Drawing back, she spat angrily, "I'm not Sam! We both work here, have the same plumbing, and had someone killed by Jack, but that's where the similarity ends!"

Bailey stared at her uncertainly. "I meant I'm here for you."

"I know that. It's just... Oh hell!" Grace cursed as she felt tears well up. She wasn't the sort to allow herself to cry in private and she sure as hell didn't want to cry in front of her boss. Choking back emotion, she swallowed more scotch and blinked furiously.

"Grace," he hesitated softly.

"It's not what you think, Bailey. It's all the things that I can't say."

"You can say them to me."

She shook her head. "You'll think I'm a horrible person."

Gently taking her chin and bringing her face up to meet his gaze, he said, "I would never think that."

"Oh, you might. You see, the day Morgan died- the day he died- I-" She exhaled, then met his gaze and took his hand. It was now or never. "That morning, I told Morgan, I wanted a divorce. I got home later than usual because I was looking at an apartment that would take the dogs. Morgan died because of me."

"That's not your fault-"

"Did I kill him? No. But you have no idea how hard it was going through the funeral and having everyone trying to console me when his death was almost a relief. The fighting had gotten so bad in the months before that. Did you know he was cheating on me with his secretary? I almost hated the very sight of him. In a sick way, Jack-"

"Did you a favor?"

"Yeah. And that's why I can't bear to be at the house. It's the reason why I'm putting it up for sale this spring. Because I hate myself for having hated him and for not being able to grieve him properly. George knew we had issues, but I never told anyone how bad they were. It was getting scary. We were throwing things and having screaming matches. Morgan had spent the last three months on the couch because I couldn't stand being next to him. We tried couples counseling and it just made me angry. Why did I have to work on myself when he was the bastard that had been cheating on me for over a year?"

Bailey moved closer and wrapped his arms around her. "You're not a bad person, Grace. I had no idea he was cheating on you, but I can hardly blame you for hating him for betraying you. It was just bad timing on Jack's part. Or maybe perfect given his listening devices we found in your house."

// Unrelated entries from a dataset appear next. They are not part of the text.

theorem lemma3p7:
  fixes Fp Qs :: "'p::finite \<Rightarrow> 'p set set"
    and F :: "'p set"
    and inp :: "'p \<Rightarrow> 'v"
    and \<sigma> :: "nat \<Rightarrow> ('p,'v) gstate"
    and lab :: "nat \<Rightarrow> ('p,'v) label"
  assumes "asym_quorum_system Fp Qs"
    and "AG_execution Fp Qs F inp \<sigma> lab"
    and "exec_with_guild Fp Qs F"
  shows "\<exists>i\<in>Gmax Fp Qs F. \<exists>t Si. ls_sentS (g_loc (\<sigma> t) i) = Some Si \<and>
           (\<forall>k\<in>Gmax Fp Qs F. \<exists>t'. \<forall>t''\<ge>t'. Si \<subseteq> ls_U (g_loc (\<sigma> t'') k))"
proof -
  interpret ag_run Fp Qs F inp \<sigma> lab
    using assms by unfold_locales
  show ?thesis
    by (rule ex_G_sentS_delivered)
qed

end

"I still feel like I'm terrible. The worst of it was I loved him at one time and then the way he just threw everything away. It's like when he died, I hated him even more because he left me with the memories of the good times in shreds. It's hard to explain. It's-"

"Complicated. Yeah. I do get it. It's why I'm here tonight. Because while I'm glad Frannie's safe and I still love her; I can't let the shooting go. We both avoid talking about it, but I just want to shake her and know why? How could she do that to me? I'm her father, I've always loved her and because she's feeling a little rebellious, things escalate to that point. It hurts. It just plain fucking hurts."

"It does."

"And no matter how many people are around, I've never felt more empty in my life."

Nodding, she sadly agreed, "Me either."

"I'm tired of feeling this way. Grace, I shouldn't ask, but-"

Their eyes met and a moment later, they flickered closed and their mouths met. Glasses of alcohol were put to the side before they removed just enough clothing to be as close as possible and she straddled him. Tonight was the first time either of them had felt alive in a long time. Tomorrow they could worry about the consequences. After all, they were used to complications...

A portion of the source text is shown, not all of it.